Compared to those 2932 women in the analysis, those 1795 women in the SOF at this visit who did not have cognitive function and actigraphy measured were significantly different for many characteristics (Table 1). Those 1795 women not included in analysis were slightly older on average, had a lower percentage of African Americans, had a worse mean depression score and were more likely to be taking antidepressants, had higher rates of IADL impairment and stroke, were less likely to walk for exercise, and reported worse health status (p <.05). There were also small but statistically significant differences in education, BMI, alcohol intake, and caffeine intake (p <.02). Most notably, these 1795 women reported being told by their doctor that they had Alzheimer's disease at a rate 6 times higher than this analysis cohort. On average, the 511 participants who were not in the analysis subset but did have cognitive measures performed had lower cognitive functioning than did those women in our analysis subset (p <.0001).
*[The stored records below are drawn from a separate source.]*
lemma hyp_A_pos:
  assumes "x > 0"
  shows "hyp_A x > 0"
proof -
  let ?L = "[(1,0,5/2),(1,2,3/2),(0,2,-2)]"
  have "odd_hyp_coeff ?L n \<ge> 0" for n
  proof (rule odd_hyp_coeff_nonneg[where d=1])
    fix m :: nat
    assume odd: "odd (m + 1)"
    have "odd_hyp_coeff ?L (m + 1) * fact (m + 1) = 5/2 * 0^m * (m + 1) + 2^m * (3/2 * m - 5/2)"
      using odd by (subst odd_hyp_coeff_mult_fact) (simp_all add: algebra_simps)
    moreover have "m = 0 \<or> m \<ge> 2" using odd by presburger
    ultimately show "odd_hyp_coeff ?L (m + 1) * fact (m + 1) \<ge> 0" by auto
  qed (simp add: odd_hyp_coeff_def)
  moreover have "odd_hyp_coeff ?L 3 > 0" by (simp add: odd_hyp_coeff_def fact_numeral)
  ultimately have "odd_hyp_poly ?L x > 0" by (rule odd_hyp_poly_pos[OF assms])
  moreover have "hyp_A x = odd_hyp_poly ?L x"
    unfolding hyp_A_def odd_hyp_poly_def
    using sinh_double[of x] cosh_double[of x] cosh_square_eq[of x] by (simp add: field_simps)
  ultimately show ?thesis by simp
qed

lemma cubic_le_pow3: "m \<ge> 4 \<Longrightarrow> 4 * (real m + 3)^3 + 3 \<le> 27 * 3^m"
proof (induction m rule: dec_induct)
  case (step m)
  have "4 * (real (Suc m) + 3)^3 + 3 \<le> 3 * (4 * (real m + 3)^3 + 3)"
    by (simp add: algebra_simps power3_eq_cube)
  also have "\<dots> \<le> 27 * 3 ^ Suc m" using step.IH by simp
  finally show ?case .
qed simp

lemma lazarevic_inequality:
  fixes x :: real
  assumes "x > 0"
  shows "x^3 * cosh x < sinh x ^ 3"
proof -
  let ?L = "[(0,3,1/4),(0,1,-3/4),(3,1,-1)]"
  have "odd_hyp_coeff ?L n \<ge> 0" for n
  proof (rule odd_hyp_coeff_nonneg[where d=3])
    fix m :: nat
    assume odd: "odd (m + 3)"
    have "odd_hyp_coeff ?L (m + 3) * fact (m + 3) =
        1/4 * 3^(m+3) - 3/4 - (real m + 3) * (real m + 2) * (real m + 1)"
      using odd by (subst odd_hyp_coeff_mult_fact) (simp_all add: pochhammer_Suc numeral_3_eq_3 algebra_simps)
    moreover have "(real m + 3) * (real m + 2) * (real m + 1) \<le> 1/4 * 3^(m+3) - 3/4"
    proof (cases "m \<ge> 4")
      case True
      have "(real m + 3) * (real m + 2) * (real m + 1) \<le> (real m + 3)^3"
        by (simp add: power3_eq_cube mult_mono)
      then show ?thesis using cubic_le_pow3[OF True] by (simp add: power_add)
    next
      case False
      then have "m = 0 \<or> m = 2" using odd by presburger
      then show ?thesis by auto
    qed
    ultimately show "odd_hyp_coeff ?L (m + 3) * fact (m + 3) \<ge> 0" by simp
  next
    show "n < 3 \<Longrightarrow> odd_hyp_coeff ?L n \<ge> 0" for n
      by (auto simp: odd_hyp_coeff_def numeral_3_eq_3 less_Suc_eq)
  qed
  moreover have "odd_hyp_coeff ?L 7 > 0" by (simp add: odd_hyp_coeff_def fact_numeral)
  ultimately have "odd_hyp_poly ?L x > 0" by (rule odd_hyp_poly_pos[OF assms])
  then show ?thesis
    using sinh_triple[of x] by (simp add: odd_hyp_poly_def field_simps)
qed

text \<open>Up to the positive factor \<open>3 / (5 x sinh x A Q)\<close>, this is the derivative of \<open>G\<close>.\<close>

definition dG_numer :: "real \<Rightarrow> real" where
  "dG_numer x = 12 * (x * cosh x - sinh x) * hyp_A x * (cosh x * sinh x - x)
     + 5 * x * sinh x^2 * (2 * x^2 * cosh x - x * sinh x - cosh x * sinh x^2)"

definition dG_numer_terms :: "(nat \<times> real \<times> real) list" where
  "dG_numer_terms = [(0,5,3), (0,3,-3), (0,1,-6), (1,5,-89/16), (1,3,-309/16), (1,1,199/8),
     (2,5,9/4), (2,3,59/2), (2,1,177/4), (3,3,-13/2), (3,1,-83/2)]"

lemma dG_numer_eq_odd_hyp_poly: "dG_numer x = odd_hyp_poly dG_numer_terms x"
  unfolding dG_numer_def hyp_A_def dG_numer_terms_def odd_hyp_poly_def
  using cosh_square_eq[of x]
  by (simp add: sinh_triple cosh_triple sinh_quintuple cosh_quintuple) algebra

definition dG_numer_coeff :: "nat \<Rightarrow> real" where
  "dG_numer_coeff m = (let n = real m + 3 in
      5^m * (375 - 2225/16 * n + 45/4 * n * (n - 1))
    + 3^m * (-81 - 2781/16 * n + 177/2 * n * (n - 1) - 13/2 * n * (n - 1) * (n - 2))
    + (-6 + 199/8 * n + 177/4 * n * (n - 1) - 83/2 * n * (n - 1) * (n - 2)))"

lemma odd_hyp_coeff_dG_numer_terms:
  assumes "even m"
  shows "odd_hyp_coeff dG_numer_terms (m + 3) * fact (m + 3) = dG_numer_coeff m"
proof -
  have "odd (m + 3)" using assms by simp
  then show ?thesis
    unfolding dG_numer_terms_def dG_numer_coeff_def
    by (subst odd_hyp_coeff_mult_fact)
      (simp_all add: pochhammer_Suc numeral_3_eq_3 numeral_2_eq_2 power_add field_simps)
qed

lemma linear_mult_pow3_le_pow5: "m \<ge> 17 \<Longrightarrow> 49 * (real m + 3) * 3^m \<le> 3 * 5^m"
proof (induction m rule: dec_induct)
  case (step m)
  have "49 * (real (Suc m) + 3) * 3 ^ Suc m = 3 * (49 * (real m + 3) * 3^m) + 147 * 3^m"
    by (simp add: algebra_simps)
  also have "\<dots> \<le> 5 * (49 * (real m + 3) * 3^m)" by simp
  also have "\<dots> \<le> 3 * 5 ^ Suc m" using step.IH by (simp add: mult.commute)
  finally show ?case .
qed simp

lemma dG_numer_coeff_nonneg_large:
  assumes "m \<ge> 17"
  shows "dG_numer_coeff m \<ge> 0"
proof -
  define n where "n = real m + 3"
  define t where "t = (5::real)^m"
  define u where "u = (3::real)^m"
  have n: "n \<ge> 20" using assms by (simp add: n_def)
  have u: "u \<ge> 1" by (simp add: u_def)
  have t: "49 * n * u \<le> 3 * t"
    using linear_mult_pow3_le_pow5[OF assms] by (simp add: n_def t_def u_def)
  have nn: "n * n \<ge> 20 * n" and nnn: "n * n * n \<ge> 20 * n * n"
    using n by (simp_all add: mult_right_mono)
  have five: "375 - 2225/16 * n + 45/4 * n * (n - 1) \<ge> 3 * n^2"
    using nn n by (simp add: field_simps power2_eq_square; linarith)
  have three: "-81 - 2781/16 * n + 177/2 * n * (n - 1) - 13/2 * n * (n - 1) * (n - 2) \<ge> -7 * n^3"
    using nn nnn n by (simp add: field_simps power3_eq_cube; linarith)
  have one: "-6 + 199/8 * n + 177/4 * n * (n - 1) - 83/2 * n * (n - 1) * (n - 2) \<ge> -42 * n^3"
    using nn nnn n by (simp add: field_simps power3_eq_cube; linarith)
  have "42 * n \<le> 42 * n * u" using u n by simp
  then have "0 \<le> n^2 * (3 * t - 7 * n * u - 42 * n)" using t by simp
  also have "\<dots> = t * (3 * n^2) + u * (-7 * n^3) + (-42 * n^3)"
    by (simp add: algebra_simps power2_eq_square power3_eq_cube)
  also have "\<dots> \<le> dG_numer_coeff m"
    unfolding dG_numer_coeff_def Let_def n_def[symmetric] t_def[symmetric] u_def[symmetric]
    using five three one u by (intro add_mono mult_left_mono) (auto simp: t_def)
  finally show ?thesis .
qed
Those 120 women who are not included in our analysis but did have actigraphy data measured were no different from our analysis subset in total sleep time and sleep latency (p >.14), but had more nap time, worse sleep efficiency, and more WASO (p <.003) (Table 2).

Continuous Cognitive Outcomes and Sleep Parameters
All sleep parameters were significantly related to MMSE scores, and all but total sleep time at night were significantly related to the Trails B (p <.05) (Table 3). Total sleep time was significantly related to MMSE score, but the association was small. For Trails B score, a positive percent difference means that the cognitive performance is worse for the predictor in question, and a negative percent difference in MMSE score represents worse cognition. For example, those women who took longer to fall asleep had worse cognitive scores (2.5% worse on Trails B, 0.8% worse on MMSE per half-hour increase in sleep latency). Those women with sleep efficiency <70% showed the largest association to cognitive functioning, with a 9.1% worse completion time on the Trails B and a 1.9% worse score on the MMSE, on average. Sleep fragmentation had an inverse relationship to cognitive functioning: For each half-hour increase in WASO, there was 3.5% worse completion time on the Trails B and 0.5% worse on MMSE scores. Those participants who napped 2 or more hours had worse cognition, with an average percent difference of 10.0% for Trails B and 1.2% worse score for the MMSE. These associations were adjusted for the multiple confounders age, race, depression, education, BMI, health status, history of stroke, history of hypertension, IADL impairments, smoking, alcohol use, caffeine intake, antidepressant use, and physical activity.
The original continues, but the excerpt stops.